lemma Suc_power_le_eulerian_plus: "(q + 1) ^ n \<le> eulerian n q + (n + 1) * q ^ n"
proof (cases q)
  case 0
  then show ?thesis
    using worpitzky[of n 0] by simp
next
  case (Suc p)
  have "(q + 1) ^ n = (\<Sum>j\<le>p. eulerian n j * ((q + n - j) choose n)) + eulerian n q"
    using worpitzky[of n q] by (simp add: Suc)
  also have "(\<Sum>j\<le>p. eulerian n j * ((q + n - j) choose n)) \<le>
      (\<Sum>j\<le>p. (n + 1) * (eulerian n j * ((p + n - j) choose n)))"
  proof (rule sum_mono)
    fix j assume "j \<in> {..p}"
    then have "q + n - j = Suc (p + n - j)" "n \<le> p + n - j"
      using Suc by auto
    then have "(q + n - j) choose n \<le> (n + 1) * ((p + n - j) choose n)"
      using binomial_Suc_le[of n "p + n - j"] by simp
    then show "eulerian n j * ((q + n - j) choose n) \<le> (n + 1) * (eulerian n j * ((p + n - j) choose n))"
      by (metis mult.left_commute mult_le_mono2)
  qed
  also have "\<dots> = (n + 1) * (\<Sum>j\<le>p. eulerian n j * ((p + n - j) choose n))"
    by (rule sum_distrib_left[symmetric])
  also have "\<dots> = (n + 1) * q ^ n"
    by (simp add: Suc worpitzky)
  finally show ?thesis
    by simp
qed

lemma Suc_times_exp_times_power_le:
  fixes x :: real
  assumes "0 \<le> x" and "x < real n / (ln (real n + 1) + 1) - 1"
  shows "(real n + 1) * exp 1 * x ^ n \<le> (x + 1) ^ n"
proof (cases "x = 0")
  case True
  have "n \<noteq> 0"
  proof
    assume "n = 0"
    with assms(2) True show False
      by simp
  qed
  with True show ?thesis
    by (simp add: zero_power)
next
  case False
  with assms(1) have x: "0 < x"
    by simp
  have "0 < ln (real n + 1) + 1"
    using ln_ge_zero[of "real n + 1"] by linarith
  then have "ln (real n + 1) + 1 < n / (x + 1)"
    using assms(2) x by (simp add: field_simps)
  also have "\<dots> \<le> n * ln (1 / x + 1)"
  proof -
    have "1 / (x + 1) \<le> ln (1 / x + 1)"
      using ln_add1_ge[of "1 / x"] x by (simp add: field_simps)
    then show ?thesis
      by (simp add: divide_inverse mult_left_mono flip: inverse_eq_divide)
  qed
  finally have "exp (ln (real n + 1) + 1) \<le> exp (n * ln (1 / x + 1))"
    by simp
  then have "(real n + 1) * exp 1 \<le> (1 / x + 1) ^ n"
    using x by (simp add: exp_add ln_realpow[symmetric] add_pos_pos)
  then have "(real n + 1) * exp 1 * x ^ n \<le> (1 / x + 1) ^ n * x ^ n"
    using x by (intro mult_right_mono) simp_all
  also have "\<dots> = (x + 1) ^ n"
    using x by (simp add: field_simps flip: power_mult_distrib)
  finally show ?thesis .
qed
----
§ TASK TO COMPLETE
Look above for the line containing "with assms(2) True show False", then please write out that line and each one after it through the end, exactly, with nothing else.

§ RESULT FOR THIS TASK
    with assms(2) True show False
      by simp
  qed
  with True show ?thesis
    by (simp add: zero_power)
next
  case False
  with assms(1) have x: "0 < x"
    by simp
  have "0 < ln (real n + 1) + 1"
    using ln_ge_zero[of "real n + 1"] by linarith
  then have "ln (real n + 1) + 1 < n / (x + 1)"
    using assms(2) x by (simp add: field_simps)
  also have "\<dots> \<le> n * ln (1 / x + 1)"
  proof -
    have "1 / (x + 1) \<le> ln (1 / x + 1)"
      using ln_add1_ge[of "1 / x"] x by (simp add: field_simps)
    then show ?thesis
      by (simp add: divide_inverse mult_left_mono flip: inverse_eq_divide)
  qed
  finally have "exp (ln (real n + 1) + 1) \<le> exp (n * ln (1 / x + 1))"
    by simp
  then have "(real n + 1) * exp 1 \<le> (1 / x + 1) ^ n"
    using x by (simp add: exp_add ln_realpow[symmetric] add_pos_pos)
  then have "(real n + 1) * exp 1 * x ^ n \<le> (1 / x + 1) ^ n * x ^ n"
    using x by (intro mult_right_mono) simp_all
  also have "\<dots> = (x + 1) ^ n"
    using x by (simp add: field_simps flip: power_mult_distrib)
  finally show ?thesis .
qed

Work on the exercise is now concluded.